La CODE adopte de nouveaux statuts

06/01/2010

Afin de renforcer sa dimension européenne et sa visibilité continentale, la Conférence des Ordres dentaires européens (CODE) vient de modifier ses statuts et adoptera prochainement un nouveau nom.

A l’occasion de leur dernière réunion à Paris, le 27 novembre dernier, les membres de la CODE ont doté l’association de nouveaux statuts. L’objectif de la quarantaine de délégués d’autorités comptétentes dentaires, représentant 15 états européens – dont un nouveau membre officiel, la Hongrie et un nouvel observateur, la Bosnie-Herzégovine – , était clair : modifier la nature juridique de la CODE pour renforcer sa dimension européenne  et clarifier ses missions.
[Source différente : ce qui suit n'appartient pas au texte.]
lemma knn_small_fraction_le:
  assumes "12 \<le> n"
  shows "real (card (knn_small n)) / 2 ^ 2 ^ n \<le> 1 / real n"
proof -
  have "real n * real (card (knn_small n)) \<le> 2 ^ 2 ^ n"
    using card_knn_small_le[OF assms] by (metis of_nat_le_iff of_nat_mult of_nat_numeral of_nat_power)
  then show ?thesis
    using assms by (simp add: field_simps)
qed

lemma card_knn_large:
  "real (card {f \<in> cube n \<rightarrow>\<^sub>E (UNIV :: bool set). \<forall>k>0. real (knn n k f) > 2 powr (real n / 2) / real n})
    = 2 ^ 2 ^ n - real (card (knn_small n))"
proof -
  have fin: "finite (cube n \<rightarrow>\<^sub>E (UNIV :: bool set))" and small: "knn_small n \<subseteq> cube n \<rightarrow>\<^sub>E UNIV"
    by (auto simp: knn_small_def intro: finite_PiE)
  have "{f \<in> cube n \<rightarrow>\<^sub>E UNIV. \<forall>k>0. real (knn n k f) > 2 powr (real n / 2) / real n}
      = (cube n \<rightarrow>\<^sub>E UNIV) - knn_small n"
    unfolding knn_small_def by (auto simp: not_le) (meson not_le)
  then show ?thesis
    using card_Diff_subset[OF finite_subset[OF small fin] small] card_mono[OF fin small]
    by (simp add: card_cube_funs of_nat_diff)
qed

theorem theorem6:
  shows "(\<lambda>n. real (card {f \<in> cube n \<rightarrow>\<^sub>E (UNIV :: bool set).
              \<forall>k>0. real (knn n k f) > 2 powr (real n / 2) / real n})
            / real (card (cube n \<rightarrow>\<^sub>E (UNIV :: bool set))))
         \<longlonglongrightarrow> 1"
proof -
  have "(\<lambda>n. real (card (knn_small n)) / 2 ^ 2 ^ n) \<longlonglongrightarrow> 0"
  proof (rule tendsto_sandwich[of "\<lambda>_. 0" _ _ "\<lambda>n. 1 / real n"])
    show "\<forall>\<^sub>F n in sequentially. real (card (knn_small n)) / 2 ^ 2 ^ n \<le> 1 / real n"
      using eventually_ge_at_top[of 12] by eventually_elim (rule knn_small_fraction_le)
  qed (auto simp: lim_1_over_n)
  then have "(\<lambda>n. 1 - real (card (knn_small n)) / 2 ^ 2 ^ n) \<longlonglongrightarrow> 1 - 0"
    by (intro tendsto_diff tendsto_const)
  then show ?thesis
    by (simp add: card_knn_large card_cube_funs diff_divide_distrib)
qed

end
La décision de modifier les statuts de la CODE avait été prise en mars dernier à Luxembourg. Un groupe de travail ad hoc a présenté ses conclusions aux participants de la rencontre parisienne. A l’exception de détails mineurs, il a été unanimement soutenu. Dans les faits, la CODE devient une structure de droit belge dont le siège officiel est domicilié à Bruxelles, au bureau de représentation auprès des institutions européennes du Conseil national de l’Ordre. L’Ordre français continuera par ailleurs d’assurer le secrétariat général de l’association. Avec ces nouveaux statuts, la CODE se dotera aussi d’un budget et de règles de fonctionnement plus précises.

Cette nouvelle forme va permettre à la CODE d’affirmer sa spécificité d’association réunissant uniquement les Ordres et autorités compétentes en charge de l’enregistrement, de la supervision et de la régulation des professionnels de l’art dentaire autour d’une objectif partagé : l’amélioration de la sécurité des patients. Ses nouveaux statuts excluent de fait les syndicats et autres associations professionnelles. Le périmètre géographique couvert par la CODE correspond à l’Espace Economique Européen et peut englober les candidats à l’adhésion à l’UE.
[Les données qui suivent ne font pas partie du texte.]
(* Let $p>1$ and $k\ge2$. There exist $E>0$ and $C>0$ such that for all $\zeta_1<\zeta_2<\dots<\zeta_k$ with $\zeta_{j+1}-\zeta_j\ge E$ for $j=1,\dots,k-1$, all $\theta_1,\dots,\theta_k\in\mathbb R$, and all $i\in\{1,\dots,k\}$, $$\int_{-1}^1\kappa(d_i,y)\,|K(y)|^{p-2}\,dy\le C,\qquad\text{where } d_j=-\tanh\zeta_j,\quad K(y)=\sum_{j=1}^ke^{i\theta_j}\kappa(d_j,y).$$
   Context: $\kappa(d,y)=\kappa_0(1-d^2)^{\frac1{p-1}}(1+dy)^{-\frac2{p-1}}$ for $d,y\in(-1,1)$, with $\kappa_0=(\frac{2(p+1)}{(p-1)^2})^{\frac1{p-1}}$. (In the paper this is applied along the solution's modulation parameters, for $s$ large, when the soliton centers $\zeta_j(s)$ separate.) *)

theory Defs
  imports "HOL-Analysis.Analysis"
begin

definition kappa0 :: "real \<Rightarrow> real" where
  "kappa0 p = (2 * (p + 1) / (p - 1)^2) powr (1 / (p - 1))"

definition kappa :: "real \<Rightarrow> real \<Rightarrow> real \<Rightarrow> real" where
  "kappa p d y = kappa0 p * (1 - d^2) powr (1 / (p - 1)) * (1 + d * y) powr (- 2 / (p - 1))"

definition epow :: "real \<Rightarrow> real \<Rightarrow> ennreal" where
  "epow x a = (if x = 0 then (if a < 0 then \<infinity> else if a = 0 then 1 else 0)
               else ennreal (x powr a))"

end

theory Submission
  imports Defs
begin

text \<open>Substituting y = tanh x turns kappa(d_j, y) into kappa0 * cosh x ^ a * sigma_j x with
  a = 2/(p-1) and the soliton sigma_j x = cosh (x - zeta_j) ^ (-a); the Jacobian 1 - y^2 = sech^2 x
  absorbs the weight cosh x ^ (a (p-1)) = cosh^2 x, so the integral becomes
  kappa0^(p-1) times the integral over the real line of sigma_i |sum_j e^(i theta_j) sigma_j|^(p-2).

  For p >= 2 the modulus of the sum is at most k and sigma_i decays exponentially. For p < 2 the
  exponent -q = p - 2 is negative. Away from the midpoints of consecutive centres the nearest soliton
  dominates all others, so the modulus is at least half of it and the integrand is at most
  2 sigma_i^(1-q) = 2 sech^2 (x - zeta_i). In a window around the midpoint of zeta_m and zeta_(m+1),
  the projection of the sum divided by sigma_m onto the direction e^(i theta_(m+1)) has derivative
  bounded below, hence vanishes at most linearly at a single point x0, and the integrand is
  O(|x - x0|^(-q)), which is integrable.\<close>

section \<open>Soliton profiles\<close>

lemma cosh_le_exp_abs: "cosh (x::real) \<le> exp \<bar>x\<bar>"
proof -
  have "exp x + exp (-x) \<le> 2 * exp \<bar>x\<bar>" by (smt (verit) exp_le_cancel_iff)
  thus ?thesis unfolding cosh_field_def by simp
qed

lemma exp_abs_le_two_cosh: "exp \<bar>x\<bar> \<le> 2 * cosh (x::real)"
proof -
  have "exp \<bar>x\<bar> \<le> exp x + exp (-x)"
    by (cases "x \<ge> 0") (auto simp: add_increasing add_increasing2)
  thus ?thesis unfolding cosh_field_def by simp
qed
Cette profonde modification de forme devrait en toute logique s’accompagner d’un changment de nom. Cette question est à l’étude.

En marge de ce dossier majeur, d’autres thèmes ont été abordés tels que les relations avec les spécialistes en chirurgie maxillo-faciale, le statut des assistantes dentaire ou encore la question de la sédation consciente. Le représentant de l’autorité d’enregistrement des professionnels de santé de Hongrie  a présenté un système de surveillance des évolutions démographiques. Par ailleurs, les grandes étapes de l’évaluation de la directive 2005/36/CE ont été détaillées. Face à la volonté de la Commission européenne, d’obtenir des retours sur les problèmes posés par la mise en œuvre de ce texte, un groupe de travail a été mis en place au sein de l’association afin d’élaborer une position commune et des recommandations sur ce texte. La Hongrie, l’Espagne, la Grande-Bretagne, le Luxembourg, l’Irlande, l’Italie et la France se sont portés candidats pour participer au groupe de travail, qui commencera ses travaux au début de l’année prochaine.

Les 23 et 24 avril prochains, à Dublin, à l’occasion de sa prochaine réunion, l’association – dont la présidence sera confié à l’Irlande – la CODE devrait officiellement achever sa métamorphose.